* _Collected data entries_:

........

(* Let $\mathcal{H}$ be a real Hilbert space, let $A\colon \mathcal{H}\rightrightarrows\mathcal{H}$ be maximally monotone and let $B\colon \mathcal{H}\to\mathcal{H}$ be monotone with $(A+B)^{-1}(0)\neq\varnothing$. Suppose $\alpha\in[0,1)$, $\beta\in(0,1]$, $\lambda>0$ and either (a) $B$ is $L$-Lipschitz and $\lambda < \min\left\{\frac{2-\beta -\alpha \beta -2\alpha}{2L}, \frac{1-\alpha-\alpha\beta}{\beta L}\right\}$, or (b) $B$ is $(1/L)$-cocoercive, $\alpha<\frac{2-\beta}{2+\beta}$ and $\lambda < \min\left\{ \frac{2-\beta -\alpha \beta + 2\alpha}{2L},\frac{1-\alpha+\alpha\beta}{\beta L}\right\}$. Given $x_0,x_{-1}\in\mathcal{H}$, define sequences $(x_k)$, $(z_k)$ by $$z_{k+1} := J_{\lambda A}\Bigl( x_k - \lambda B(x_k) - \frac{\lambda}{\beta}(B(x_k)- B(x_{k-1})) + \frac{\alpha}{\beta}(x_k-x_{k-1}) \Bigr),\qquad x_{k+1} := (1-\beta) x_k + \beta z_{k+1}$$ for all $k\in\mathbb{N}$. Then $(x_k)$ converges weakly to a point in $(A+B)^{-1}(0)$.
   Context: $J_{\lambda A}:=(I+\lambda A)^{-1}$ is the resolvent. $B$ is $\beta'$-cocoercive if $\langle x-y,B(x)-B(y)\rangle\geq\beta'\|B(x)-B(y)\|^2$ for all $x,y$; here $\beta'=1/L$. *)

theory Defs
  imports "HOL-Analysis.Analysis"
begin

definition monotone_op :: "('a::real_inner \<Rightarrow> 'a set) \<Rightarrow> bool" where
  "monotone_op A \<longleftrightarrow>
     (\<forall>x y u v. u \<in> A x \<longrightarrow> v \<in> A y \<longrightarrow> inner (x - y) (u - v) \<ge> 0)"

definition maximal_monotone :: "('a::real_inner \<Rightarrow> 'a set) \<Rightarrow> bool" where
  "maximal_monotone A \<longleftrightarrow> monotone_op A \<and>
     (\<forall>A'. monotone_op A' \<and> (\<forall>x. A x \<subseteq> A' x) \<longrightarrow> A' = A)"

definition cocoercive :: "real \<Rightarrow> ('a::real_inner \<Rightarrow> 'a) \<Rightarrow> bool" where
  "cocoercive b B \<longleftrightarrow>
     (\<forall>x y. inner (x - y) (B x - B y) \<ge> b * (norm (B x - B y))\<^sup>2)"

text \<open>For a maximally monotone A this is single-valued with full domain (Minty).\<close>
definition resolvent :: "real \<Rightarrow> ('a::real_inner \<Rightarrow> 'a set) \<Rightarrow> 'a \<Rightarrow> 'a" where
  "resolvent lam A w = (THE z. \<exists>u \<in> A z. w = z + lam *\<^sub>R u)"

definition zeros_sum :: "('a::real_inner \<Rightarrow> 'a set) \<Rightarrow> ('a \<Rightarrow> 'a) \<Rightarrow> 'a set" where
  "zeros_sum A B = {x. \<exists>u \<in> A x. u + B x = 0}"

definition weakly_converges :: "(nat \<Rightarrow> 'a::real_inner) \<Rightarrow> 'a \<Rightarrow> bool" where
  "weakly_converges x p \<longleftrightarrow> (\<forall>y. (\<lambda>k. inner (x k) y) \<longlonglongrightarrow> inner p y)"

end

theory Submission
  imports Defs "HOL-Library.Diagonal_Subsequence"
begin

........

* _WORK REQUIRED_:
Your reply should consist only of the lines from the one containing "set) \<Rightarrow> 'a" through the last line of the records, each reproduced exactly.

* _RESPONSE BELOW_:
definition resolvent :: "real \<Rightarrow> ('a::real_inner \<Rightarrow> 'a set) \<Rightarrow> 'a \<Rightarrow> 'a" where
  "resolvent lam A w = (THE z. \<exists>u \<in> A z. w = z + lam *\<^sub>R u)"

definition zeros_sum :: "('a::real_inner \<Rightarrow> 'a set) \<Rightarrow> ('a \<Rightarrow> 'a) \<Rightarrow> 'a set" where
  "zeros_sum A B = {x. \<exists>u \<in> A x. u + B x = 0}"

definition weakly_converges :: "(nat \<Rightarrow> 'a::real_inner) \<Rightarrow> 'a \<Rightarrow> bool" where
  "weakly_converges x p \<longleftrightarrow> (\<forall>y. (\<lambda>k. inner (x k) y) \<longlonglongrightarrow> inner p y)"

end

theory Submission
  imports Defs "HOL-Library.Diagonal_Subsequence"
begin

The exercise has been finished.